### What is required
The lines you need are those holding the word "auto"; pull them from the material.

### Data in this exercise
text \<open>Both \<open>22 = 2 * 11 = 10 + 12\<close> and \<open>33 = 3 * 11 = 10 + 11 + 12\<close> have two maximal representations.\<close>
lemma gamma_gen_8_10_11_12: "g \<in> {10, 11, 12} \<Longrightarrow> gamma (gen {8, 10, 11, 12}) g = 1"
proof (rule S2.gamma_eqI)
  assume g: "g \<in> {10, 11, 12}"
  then show gM: "g \<in> mingens (gen {8, 10, 11, 12})" and "1 * g \<in> apery (gen {8, 10, 11, 12})"
    by (auto simp: mingens_gen_8_10_11_12 apery_gen_8_10_11_12)
  show "ord (gen {8, 10, 11, 12}) (1 * g) = 1" "\<exists>!l. l \<in> maxreps (gen {8, 10, 11, 12}) (1 * g)"
    using S2.ord_mingens[OF gM] S2.maxreps_mingens[OF gM] by simp_all
  fix h assume h: "h * g \<in> apery (gen {8, 10, 11, 12})" "ord (gen {8, 10, 11, 12}) (h * g) = h"
    "\<exists>!l. l \<in> maxreps (gen {8, 10, 11, 12}) (h * g)"
  have "h * 10 \<le> h * g" "h * g \<le> 33"
    using g h(1) by (auto simp: apery_gen_8_10_11_12)
  then have "h \<le> 3"
    by linarith
  then have "h \<in> {0, 1, 2, 3}"
    by auto
  then consider "h \<le> 1" | "g = 11" "h = 2" | "g = 11" "h = 3"
    using g h(1) by (auto simp: apery_gen_8_10_11_12)
  then show "h \<le> 1"
  proof cases
    case 2
    let ?l1 = "(\<lambda>_. 0)(11 := 2) :: nat \<Rightarrow> nat" and ?l2 = "(\<lambda>_. 0)(10 := 1, 12 := 1) :: nat \<Rightarrow> nat"
    have "?l1 \<in> maxreps (gen {8, 10, 11, 12}) 22" "?l2 \<in> maxreps (gen {8, 10, 11, 12}) 22"
      using h(2) 2 by (simp_all add: maxreps_def reps_def mingens_gen_8_10_11_12)
    moreover have "?l1 \<noteq> ?l2"
      by (auto simp: fun_eq_iff)
    ultimately show ?thesis
      using h(3) 2 by auto
  next
    case 3
    let ?l1 = "(\<lambda>_. 0)(11 := 3) :: nat \<Rightarrow> nat" and ?l2 = "(\<lambda>_. 0)(10 := 1, 11 := 1, 12 := 1) :: nat \<Rightarrow> nat"
    have "?l1 \<in> maxreps (gen {8, 10, 11, 12}) 33" "?l2 \<in> maxreps (gen {8, 10, 11, 12}) 33"
      using h(2) 3 by (simp_all add: maxreps_def reps_def mingens_gen_8_10_11_12)
    moreover have "?l1 \<noteq> ?l2"
      by (auto simp: fun_eq_iff)
    ultimately show ?thesis
      using h(3) 3 by auto
  qed
qed

lemma rectangular_gamma_gen_8_10_11_12: "rectangular gamma (gen {8, 10, 11, 12})"
proof -
  have G: "mingens (gen {8, 10, 11, 12}) - {mult (gen {8, 10, 11, 12})} = {10, 11, 12}"
    by (auto simp: mingens_gen_8_10_11_12 mult_gen_8_10_11_12)
  have "box {10, 11, 12} (gamma (gen {8, 10, 11, 12})) = box {10, 11, 12} (\<lambda>_. 1)"
    using gamma_gen_8_10_11_12 by (intro box_cong) simp
  also have "\<dots> = apery (gen {8, 10, 11, 12})"
    unfolding apery_gen_8_10_11_12 by (simp add: box_insert box_empty atMost_Suc insert_commute)
  finally show ?thesis
    unfolding rectangular_iff_box G by simp
qed

lemma not_rectangular_beta_gen_8_10_11_12: "\<not> rectangular beta (gen {8, 10, 11, 12})"
proof (rule S2.not_rectangular_if_corner_not_in_apery[where b = "(\<lambda>_. 0)(10 := 1, 11 := 3)"])
  fix g assume "g \<in> mingens (gen {8, 10, 11, 12}) - {mult (gen {8, 10, 11, 12})}"
  then show "((\<lambda>_. 0)(10 := 1, 11 := 3)) g \<le> beta (gen {8, 10, 11, 12}) g"
    using S2.le_beta[of 10 1] S2.le_beta[of 11 3] S2.ord_mingens[of 10] ord_gen_8_10_11_12_33
    by (auto simp: mingens_gen_8_10_11_12 mult_gen_8_10_11_12 apery_gen_8_10_11_12)
qed (simp add: mingens_gen_8_10_11_12 mult_gen_8_10_11_12 apery_gen_8_10_11_12)

theorem mainTheorem6:
  shows "(\<forall>S. numerical_semigroup S \<longrightarrow>
            (rectangular alpha S \<longrightarrow> rectangular beta S) \<and>
            (rectangular beta S \<longrightarrow> rectangular gamma S))
       \<and> numerical_semigroup (gen {8, 10, 15})
       \<and> rectangular beta (gen {8, 10, 15}) \<and> \<not> rectangular alpha (gen {8, 10, 15})
       \<and> numerical_semigroup (gen {8, 10, 11, 12})
       \<and> rectangular gamma (gen {8, 10, 11, 12}) \<and> \<not> rectangular beta (gen {8, 10, 11, 12})"
  using num_semigroup.rectangular_beta_if_alpha num_semigroup.rectangular_gamma_if_beta
    num_semigroup.intro numerical_semigroup_gen_8_10_15 rectangular_beta_gen_8_10_15
    not_rectangular_alpha_gen_8_10_15 numerical_semigroup_gen_8_10_11_12
    rectangular_gamma_gen_8_10_11_12 not_rectangular_beta_gen_8_10_11_12
  by blast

### Task solution
    by (auto simp: mingens_gen_8_10_11_12 apery_gen_8_10_11_12)
    using g h(1) by (auto simp: apery_gen_8_10_11_12)
    by auto
    using g h(1) by (auto simp: apery_gen_8_10_11_12)
      by (auto simp: fun_eq_iff)
      using h(3) 2 by auto
      by (auto simp: fun_eq_iff)
      using h(3) 3 by auto
    by (auto simp: mingens_gen_8_10_11_12 mult_gen_8_10_11_12)
    by (auto simp: mingens_gen_8_10_11_12 mult_gen_8_10_11_12 apery_gen_8_10_11_12)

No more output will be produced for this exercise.